Uma Doutrina Religiosa como o Criacionismo segue o caminho inverso: A conclusão já está a priori definida e é incontestável antes de qualquer evidência ter sido levantada, cabendo à evidência apenas o papel de sustentar a argumentação futura e não a de comprovar a confiabilidade da tese presente.
Além disto boa parte da argumentação “Criacionista” é de contestação e não de estabelecimento de conceitos, uma vez que os argumentos sempre se infiltram nas lacunas das Teorias de Darwin.
Esta infiltração seria menos eficaz se os cientistas tivessem uma posição mais honesta com relação às lacunas citadas. Elas em nada comprometem a Teoria da Evolução em si, apenas atestam que ela precisa ser mais trabalhada, mesmo porque as comprovações experimentais da Seleção Natural exigem a reconstituição de fenômenos que ocorreram ao longo de milhões de anos, não sendo passíveis de reprodução em laboratório pelos nossos recursos atuais.

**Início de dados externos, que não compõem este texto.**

lemma refined_descendant_if_broccoli:
  assumes c: "is_curve r s Delta C" and inj: "inj_on (mark_at C) {..<r+s}"
    and b: "unoriented_refined_broccoli r s Delta C"
  shows "refined_descendant r s Delta C"
proof -
  have "valence (r+s) (length Delta) C (mark_at C i) = (if i < r then 3 else 4)" if i: "i < r + s" for i
  proof -
    have "has_real_mark r C (mark_at C i) \<longleftrightarrow> i < r"
      and "has_cplx_mark r s C (mark_at C i) \<longleftrightarrow> r \<le> i"
      using inj i by (auto simp: has_real_mark_def has_cplx_mark_def dest: inj_onD)
    moreover have "marks_at (r+s) C (mark_at C i) \<noteq> {}" using i by (auto simp: marks_at_def)
    ultimately show ?thesis
      using b is_curve_mark_in_verts[OF c i] unfolding unoriented_refined_broccoli_def by auto
  qed
  then show ?thesis unfolding refined_descendant_def by auto
qed

lemma general_position_not_dim_less:
  assumes "general_position r s Delta F P" and "is_curve r s Delta C" and "ev r s Delta F C = P"
  shows "\<not> dim_less (cell_image r s Delta F C) (2 * (r + s) + card F)"
proof -
  have "same_type (r + s) (length Delta) C C"
    unfolding same_type_def by (rule exI[of _ id]) auto
  then have "P \<in> cell_image r s Delta F C"
    using assms(2,3) unfolding cell_image_def by blast
  then show ?thesis using assms(1,2) unfolding general_position_def by blast
qed

theorem lemma3p21:
  fixes r s :: nat and Delta :: "(int \<times> int) list" and F :: "nat set"
    and P :: "evcoord \<Rightarrow> real"
  assumes "\<forall>v\<in>set Delta. v \<noteq> (0, 0)"
    and "F \<subseteq> {..<length Delta}"
    and "r + 2 * s + card F + 1 = length Delta"
    and "general_position r s Delta F P"
  shows "\<forall>C. is_curve r s Delta C \<and> ev r s Delta F C = P \<longrightarrow>
           (refined_descendant r s Delta C \<longleftrightarrow> unoriented_refined_broccoli r s Delta C)"
proof (intro allI impI)
  fix C assume "is_curve r s Delta C \<and> ev r s Delta F C = P"
  then have c: "is_curve r s Delta C"
    and full_dim: "\<not> dim_less (cell_image r s Delta F C) (2 * (r + s) + card F)"
    using general_position_not_dim_less[OF assms(4)] by blast+
  have "\<not> 2 * card (mark_at C ` {..<r+s}) + card F < 2 * (r + s) + card F"
    using full_dim dim_less_cell_image_marks[OF assms(2)] by blast
  then have inj: "inj_on (mark_at C) {..<r+s}"
    using card_image_le[of "{..<r+s}" "mark_at C"] by (intro eq_card_imp_inj_on) auto
  have "\<not> card (edges C) + 2 < 2 * (r + s) + card F"
    using full_dim dim_less_cell_image_edges[OF c assms(2)] by blast
  then have "length Delta + r \<le> card (edges C) + 3" using assms(3) by presburger
  then show "refined_descendant r s Delta C \<longleftrightarrow> unoriented_refined_broccoli r s Delta C"
    using broccoli_if_refined_descendant refined_descendant_if_broccoli c inj by blast
qed

end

Um exemplo comparativo interessante é o desenvolvimento da Teoria Heliocêntrica:
Em 1510 Copérnico declara que a Terra gira em torno do Sol, rompendo com a doutrina da Igreja Católica Romana que defendia o Geocentrismo Aristotélico.
Copérnico acreditava que a Terra e os demais planetas descreviam órbitas circulares em torno do Sol, o que criava um problema pois a observação dos planetas não coincidia com as previsões fundamentadas em sua teoria.
Entre 1609 e 1619 Johanes Kepler defendeu a tese de que os planetas, inclusive a Terra, descreviam órbitas elípticas e não circulares em torno do Sol. Com este ajuste o comportamento observado daqueles corpos celestes passou a coincidir com as previsões teóricas, mas não se estabeleceu então uma justificativa matemática para tal comportamento.
Somente em 1689, com a publicação de “Princípios Matemáticos de Filosofia Natural” é que Sir. Isaac Newton demonstrou matematicamente como a gravitação do Sol atraía os planetas e produzia as órbitas elípticas descritas por Kepler.
Assim, temos um hiato de quase cento e oitenta anos entre a primeira versão da Teoria Heliocêntrica e sua consagração com os postulados de Newton.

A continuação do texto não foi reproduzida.